President Joe Biden on Friday toured the devastated Harper Lake area in Louisville, where blackened foundations stood in snow and the smell of scorch lingered. The neighborhood remains an active disaster scene, with National Guard members and Humvees guarding the entrances to cul-de-sacs lined with burned-out sedans.
“This neighborhood was so beautiful,” a woman said as she looked over the remains of her home for the first time, shortly before the president arrived. “It will take years to rebuild," she added through tears.
An hour later, the president and first lady Jill Biden walked slowly down the same street with Boulder Sheriff Joe Pelle, stopping to talk with first responders and listening to the stories of families who stood, masked, before the ruins of their homes. Entire blocks of houses had been destroyed in the Dec. 30 disaster.
In his remarks on Friday evening at Louisville Recreation & Senior Center, the president said several of the people he met asked the same question: What do we do now?
“The way you're going to get through this — because we've been through a few things ourselves — is just hang on to one another. You get through this,” he said. “Find purpose in what you’ve been through and what you’re going to do.”
Biden pledged federal support to help with clean-up and rebuilding for as long as is needed. He also noted that the federal government assisted during the fire with satellite imagery from the Defense Department and firefighting resources, as well as issuing a major disaster declaration on New Year’s Eve. Nearly 1,100 homes were destroyed in the fire, authorities reported.
“I intend to do whatever it takes, as long as it takes, to support you,” said Biden. Jill Biden also spoke briefly, expressing sympathy for families affected by the fires, including for those whose pets had died.
The fire destroyed more property than any in Colorado’s history -- a disaster that blew through populated suburban areas instead of mountainous forests. Fueled by historic drought and dry grass, the fire represents a larger, climate-driven threat to the sprawling interface between Front Range cities and the fire-prone natural environment. Authorities have identified one man believed to have died in the fire: Robert Sharpe, 69. Another woman remains missing.
More stories about the Boulder County Fires
- Boulder County fires: Where to find resources and how to help
- Boulder County firefighters lost crucial early minutes because they couldn’t find the start of the Marshall fire
- How the Boulder County fires contaminated water supplies in Superior and Louisville
- Why a fire scientist sees climate fingerprints on the suburban Boulder County fires
- ‘What was important was life’: Marshall fire evacuee recalls losing his house, and being saved by the community
In a separate interview, fire scientist Jennifer Balch said that the disaster should push the federal government to update and upgrade its maps of fire risk and consider new incentives for fireproofing structures and planning “fire-wise” developments.
“We’ve been really focused on forest fires and mitigating the fuels within forests, and now we need to think about at-risk communities that are in and around our grasslands and our open spaces,” said Balch, director of the Earth Lab at the University of Colorado Boulder.
Biden called the Marshall fire a “blinking code red” for the nation on climate change. "We can’t ignore the reality that these fires are being supercharged… by a change in the weather," he said.
And he took the opportunity to make a pitch for his stalled Build Back Better bill, emphasizing the resources it includes for advancing clean energy development.
“There’s a lot of good we’re going to do by acting boldly,” he said. “But the bottom line is, we have to summon the courage to do something about it.”
The president was accompanied on his visit by Colorado Gov.

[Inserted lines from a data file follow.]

lemma moving_average_riemann_sums:
  fixes \<phi> :: "real \<Rightarrow> real"
  assumes \<phi>: "continuous_on UNIV \<phi>" and K: "compact K" and h: "0 < h" and \<epsilon>: "0 < \<epsilon>"
  obtains n where "0 < n"
    "\<And>y. y \<in> K \<Longrightarrow> \<bar>integral {y..y+h} \<phi> / h - (\<Sum>i<n. \<phi> (y + real i * (h / real n))) / real n\<bar> < \<epsilon>"
proof -
  obtain R where R: "\<And>y. y \<in> K \<Longrightarrow> \<bar>y\<bar> \<le> R"
    using K by (metis bounded_real compact_imp_bounded)
  have "uniformly_continuous_on {-R..R+h} \<phi>"
    by (meson \<phi> compact_Icc compact_uniformly_continuous continuous_on_subset top_greatest)
  then obtain d where d: "0 < d"
    "\<And>x x'. x \<in> {-R..R+h} \<Longrightarrow> x' \<in> {-R..R+h} \<Longrightarrow> dist x' x < d \<Longrightarrow> dist (\<phi> x') (\<phi> x) < \<epsilon> / 2"
    using \<epsilon> unfolding uniformly_continuous_on_def by (metis half_gt_zero)
  obtain n :: nat where n: "h / d < real n"
    using reals_Archimedean2 by blast
  then have n0: "0 < n"
    using h d by (metis divide_pos_pos of_nat_0_less_iff order.strict_trans)
  define s where "s = h / real n"
  have s: "0 < s" "s < d" "h = real n * s"
    using n n0 h d by (auto simp: s_def field_simps)
  have "\<bar>integral {y..y+h} \<phi> / h - (\<Sum>i<n. \<phi> (y + real i * s)) / real n\<bar> < \<epsilon>" if y: "y \<in> K" for y
  proof -
    have "{y..y + real n * s} \<subseteq> {-R..R+h}"
      using R[OF y] s(3) by (auto simp: abs_le_iff)
    then have "\<bar>integral {y..y + real n * s} \<phi> - (\<Sum>i<n. s * \<phi> (y + real i * s))\<bar> \<le> real n * (s * (\<epsilon> / 2))"
      using d(2) s(1,2) by (intro riemann_sum_error[OF \<phi>]) (auto simp: dist_real_def subset_iff less_imp_le)
    then have "\<bar>integral {y..y+h} \<phi> - (\<Sum>i<n. \<phi> (y + real i * s)) * (h / real n)\<bar> \<le> h * (\<epsilon> / 2)"
      using s(3) by (simp add: sum_distrib_left[symmetric] mult_ac)
    moreover have "integral {y..y+h} \<phi> / h - (\<Sum>i<n. \<phi> (y + real i * s)) / real n
        = (integral {y..y+h} \<phi> - (\<Sum>i<n. \<phi> (y + real i * s)) * (h / real n)) / h"
      using h n0 by (simp add: diff_divide_distrib)
    ultimately have "\<bar>integral {y..y+h} \<phi> / h - (\<Sum>i<n. \<phi> (y + real i * s)) / real n\<bar> \<le> \<epsilon> / 2"
      using h by (simp add: abs_divide divide_le_eq mult.commute)
    then show ?thesis
      using \<epsilon> by linarith
  qed
  then show ?thesis
    using that n0 by (simp add: s_def)
qed

lemma moving_average_mem:
  assumes C: "closed_shift_invariant_subspace C" and \<phi>: "\<phi> \<in> C" "continuous_on UNIV \<phi>" and h: "0 < h"
  shows "(\<lambda>y. integral {y..y+h} \<phi> / h) \<in> C"
proof -
  have add: "\<And>f g. f \<in> C \<Longrightarrow> g \<in> C \<Longrightarrow> (\<lambda>y. f y + g y) \<in> C"
    and scale: "\<And>f c. f \<in> C \<Longrightarrow> (\<lambda>y. c * f y) \<in> C"
    and shift: "\<And>f t. f \<in> C \<Longrightarrow> (\<lambda>y. f (y + t)) \<in> C"
    and closed: "ucc_closure C \<subseteq> C"
    using C unfolding closed_shift_invariant_subspace_def by blast+
  have sums: "(\<lambda>y. \<Sum>i<n. \<phi> (y + real i * s)) \<in> C" for n s
  proof (induction n)
    case 0
    then show ?case
      using scale[OF \<phi>(1), of 0] by simp
  next
    case (Suc n)
    then show ?case
      using add[OF Suc shift[OF \<phi>(1)]] by simp
  qed
  have "(\<lambda>y. integral {y..y+h} \<phi> / h) \<in> ucc_closure C"
  proof (rule ucc_closureI)
    fix K :: "real set" and \<epsilon> :: real
    assume "compact K" "0 < \<epsilon>"
    then obtain n where "0 < n" "\<And>y. y \<in> K \<Longrightarrow>
        \<bar>integral {y..y+h} \<phi> / h - (\<Sum>i<n. \<phi> (y + real i * (h / real n))) / real n\<bar> < \<epsilon>"
      using moving_average_riemann_sums[OF \<phi>(2) _ h] by blast
    moreover have "(\<lambda>y. 1 / real n * (\<Sum>i<n. \<phi> (y + real i * (h / real n)))) \<in> C"
      by (rule scale[OF sums])
    ultimately show "\<exists>g\<in>C. \<forall>y\<in>K. \<bar>integral {y..y+h} \<phi> / h - g y\<bar> < \<epsilon>"
      by (intro bexI) auto
  qed
  then show ?thesis
    using closed by blast
qed

lemma has_real_derivative_moving_integral:
  fixes \<phi> :: "real \<Rightarrow> real"
  assumes \<phi>: "continuous_on UNIV \<phi>" and h: "0 \<le> h"
  shows "((\<lambda>z. integral {z..z+h} \<phi>) has_real_derivative \<phi> (y + h) - \<phi> y) (at y)"
proof -
  define a where "a = y - 1"
  define F where "F z = integral {a..z} \<phi>" for z
  have F: "(F has_real_derivative \<phi> t) (at t)" if "a < t" for t
  proof -
    have "(F has_real_derivative \<phi> t) (at t within {a..t+1})"
      unfolding F_def using that
      by (intro integral_has_real_derivative continuous_on_subset[OF \<phi>]) auto
    moreover have "at t within {a..t+1} = at t"
      using that by (intro at_within_interior) auto
    ultimately show ?thesis
      by simp
  qed
  have "((\<lambda>z. F (z + h) - F z) has_real_derivative \<phi> (y + h) - \<phi> y) (at y)"
    using DERIV_shift[of F "\<phi> (y + h)" y h] F[of "y + h"] F[of y] h
    by (intro DERIV_diff) (auto simp: a_def)
  then show ?thesis
  proof (rule has_field_derivative_transform_within_open[where S = "{a<..}"])
    fix z :: real
    assume "z \<in> {a<..}"
    then have "integral {a..z} \<phi> + integral {z..z+h} \<phi> = integral {a..z+h} \<phi>"
      using h by (intro Henstock_Kurzweil_Integration.integral_combine integrable_continuous_real
          continuous_on_subset[OF \<phi>]) auto
    then show "F (z + h) - F z = integral {z..z+h} \<phi>"
      unfolding F_def by simp
  qed (auto simp: a_def)
qed

lemma has_real_derivative_uniform_on_compact:
  fixes \<sigma> \<sigma>' :: "real \<Rightarrow> real"
  assumes \<sigma>: "\<And>x. (\<sigma> has_real_derivative \<sigma>' x) (at x)" and \<sigma>': "continuous_on UNIV \<sigma>'"
    and K: "compact K" and \<epsilon>: "0 < \<epsilon>"
  obtains \<delta> where "0 < \<delta>" "\<And>u t. u \<in> K \<Longrightarrow> \<bar>t\<bar> < \<delta> \<Longrightarrow> \<bar>\<sigma> (u + t) - \<sigma> u - t * \<sigma>' u\<bar> \<le> \<epsilon> * \<bar>t\<bar>"
proof -
  obtain R where R: "\<And>u. u \<in> K \<Longrightarrow> \<bar>u\<bar> \<le> R"
    using K by (metis bounded_real compact_imp_bounded)
  have "uniformly_continuous_on {-R-1..R+1} \<sigma>'"
    by (meson \<sigma>' compact_Icc compact_uniformly_continuous continuous_on_subset top_greatest)
  then obtain d where d: "0 < d"
    "\<And>x x'. x \<in> {-R-1..R+1} \<Longrightarrow> x' \<in> {-R-1..R+1} \<Longrightarrow> dist x' x < d \<Longrightarrow> dist (\<sigma>' x') (\<sigma>' x) < \<epsilon>"
    using \<epsilon> unfolding uniformly_continuous_on_def by metis
  have bound: "\<bar>\<sigma> (u + t) - \<sigma> u - t * \<sigma>' u\<bar> \<le> \<epsilon> * \<bar>t\<bar>"
    if u: "u \<in> K" and t: "\<bar>t\<bar> < min d 1" for u t
  proof -
    let ?g = "\<lambda>s. \<sigma> (u + s) - \<sigma>' u * s"
    have "((\<lambda>s. \<sigma> (s + u)) has_real_derivative \<sigma>' (s + u)) (at s)" for s
      using DERIV_shift[of \<sigma> "\<sigma>' (s + u)" s u] \<sigma>[of "s + u"] by simp
    then have "(?g has_real_derivative \<sigma>' (u + s) - \<sigma>' u * 1) (at s)" for s
      by (intro DERIV_diff DERIV_cmult DERIV_ident) (simp add: add.commute)
    then have "(?g has_real_derivative \<sigma>' (u + s) - \<sigma>' u) (at s within {-\<bar>t\<bar>..\<bar>t\<bar>})" for s
      by (simp add: has_field_derivative_at_within)
    moreover have "norm (\<sigma>' (u + s) - \<sigma>' u) \<le> \<epsilon>" if s: "s \<in> {-\<bar>t\<bar>..\<bar>t\<bar>}" for s
    proof -
      have "dist (u + s) u < d"
        using s t by (auto simp: dist_real_def)
      moreover have "u \<in> {-R-1..R+1}" "u + s \<in> {-R-1..R+1}"
        using R[OF u] s t by (auto simp: abs_le_iff)
      ultimately show ?thesis
        using d(2)[of u "u + s"] by (simp add: dist_real_def)
    qed
    ultimately have "norm (?g t - ?g 0) \<le> \<epsilon> * norm (t - 0)"
      by (intro field_differentiable_bound[where S = "{-\<bar>t\<bar>..\<bar>t\<bar>}"]) auto
    then show ?thesis
      by (simp add: mult.commute)
  qed
  show ?thesis
    using d(1) bound by (intro that[of "min d 1"]) auto
qed

text \<open>Integrating the hypothesis over \<open>h \<in> [0, 1]\<close> writes \<open>\<phi>\<close> as a moving integral up to a constant;
  the moving integral has constant derivative \<open>\<phi> 1 - \<phi> 0\<close>.\<close>
lemma affine_if_constant_differences:
  fixes \<phi> :: "real \<Rightarrow> real"
  assumes \<phi>: "continuous_on UNIV \<phi>" and diff: "\<And>y h. 0 < h \<Longrightarrow> \<phi> (y + h) - \<phi> y = \<phi> h - \<phi> 0"
  shows "\<phi> x = (\<phi> 1 - \<phi> 0) * x + \<phi> 0"
proof -
  define I where "I y = integral {y..y+1} \<phi>" for y
  have "(I has_real_derivative \<phi> 1 - \<phi> 0) (at y)" for y
    using has_real_derivative_moving_integral[OF \<phi>, of 1 y] diff[where y = y and h = 1] unfolding I_def by simp
  then have "((\<lambda>y. I y - (\<phi> 1 - \<phi> 0) * y) has_real_derivative (\<phi> 1 - \<phi> 0) - (\<phi> 1 - \<phi> 0) * 1) (at y)"
    for y by (intro DERIV_diff DERIV_cmult DERIV_ident)
  then have "I x - (\<phi> 1 - \<phi> 0) * x = I 0 - (\<phi> 1 - \<phi> 0) * 0"
    by (intro DERIV_isconst_all) simp
  then have I_affine: "I x - I 0 = (\<phi> 1 - \<phi> 0) * x"
    by simp
  have shifted: "\<phi> (t + x) = \<phi> t + (\<phi> x - \<phi> 0)" if "0 \<le> t" for t
    using diff[where y = x and h = t] that by (cases "t = 0") (auto simp: add.commute)
  have "I x = integral {0..1} (\<lambda>t. \<phi> (t + x))"
    using integral_shift_real_ivl[where a = x and b = "x + 1" and c = x and f = \<phi>] unfolding I_def by simp
  also have "\<dots> = integral {0..1} (\<lambda>t. \<phi> t + (\<phi> x - \<phi> 0))"
    by (rule integral_cong) (simp add: shifted)
  also have "\<dots> = I 0 + (\<phi> x - \<phi> 0)"
    unfolding I_def by (simp add: integral_add integrable_continuous_real continuous_on_subset[OF \<phi>])
  finally show ?thesis
    using I_affine by simp
qed

section \<open>One hidden layer in one variable\<close>

definition shallow_closure :: "(real \<Rightarrow> real) \<Rightarrow> (real \<Rightarrow> real) set" where
  "shallow_closure \<zeta> = ucc_closure (deep_net \<zeta> (Suc 0))"

lemma ucc_closure_shallow_closure: "ucc_closure (shallow_closure \<zeta>) = shallow_closure \<zeta>"
  unfolding shallow_closure_def by (rule ucc_closure_ucc_closure)

lemma shallow_closure_add:
  "f \<in> shallow_closure \<zeta> \<Longrightarrow> g \<in> shallow_closure \<zeta> \<Longrightarrow> (\<lambda>y. f y + g y) \<in> shallow_closure \<zeta>"
  unfolding shallow_closure_def by (rule ucc_closure_add[OF deep_net_add])

lemma shallow_closure_scale: "f \<in> shallow_closure \<zeta> \<Longrightarrow> (\<lambda>y. c * f y) \<in> shallow_closure \<zeta>"
  unfolding shallow_closure_def
  using deep_net_affine[of _ \<zeta> "Suc 0" c 0] by (intro ucc_closure_scale) auto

Jared Polis, Sens. Michael Bennet and John Hickenlooper, as well as the area’s congressional representative, Joe Neguse.
Neguse has made wildfire prevention and preparedness a focus during his two terms in Congress. On Thursday, he introduced the Western Wildfire Support Act. The legislation focuses on fire prevention, suppression, and recovery; it includes money to help fund communities’ fire prevention efforts and would require new wildfire prevention and detection efforts on federal land.
Neguse’s office said he plans to urge the president to direct more money to SAFER grants, which support local fire departments, extend a mortgage pause for people who lost homes in the fire, and increase funding for Community Block Grants to help with rebuilding.
The president didn't take questions from reporters during his visit.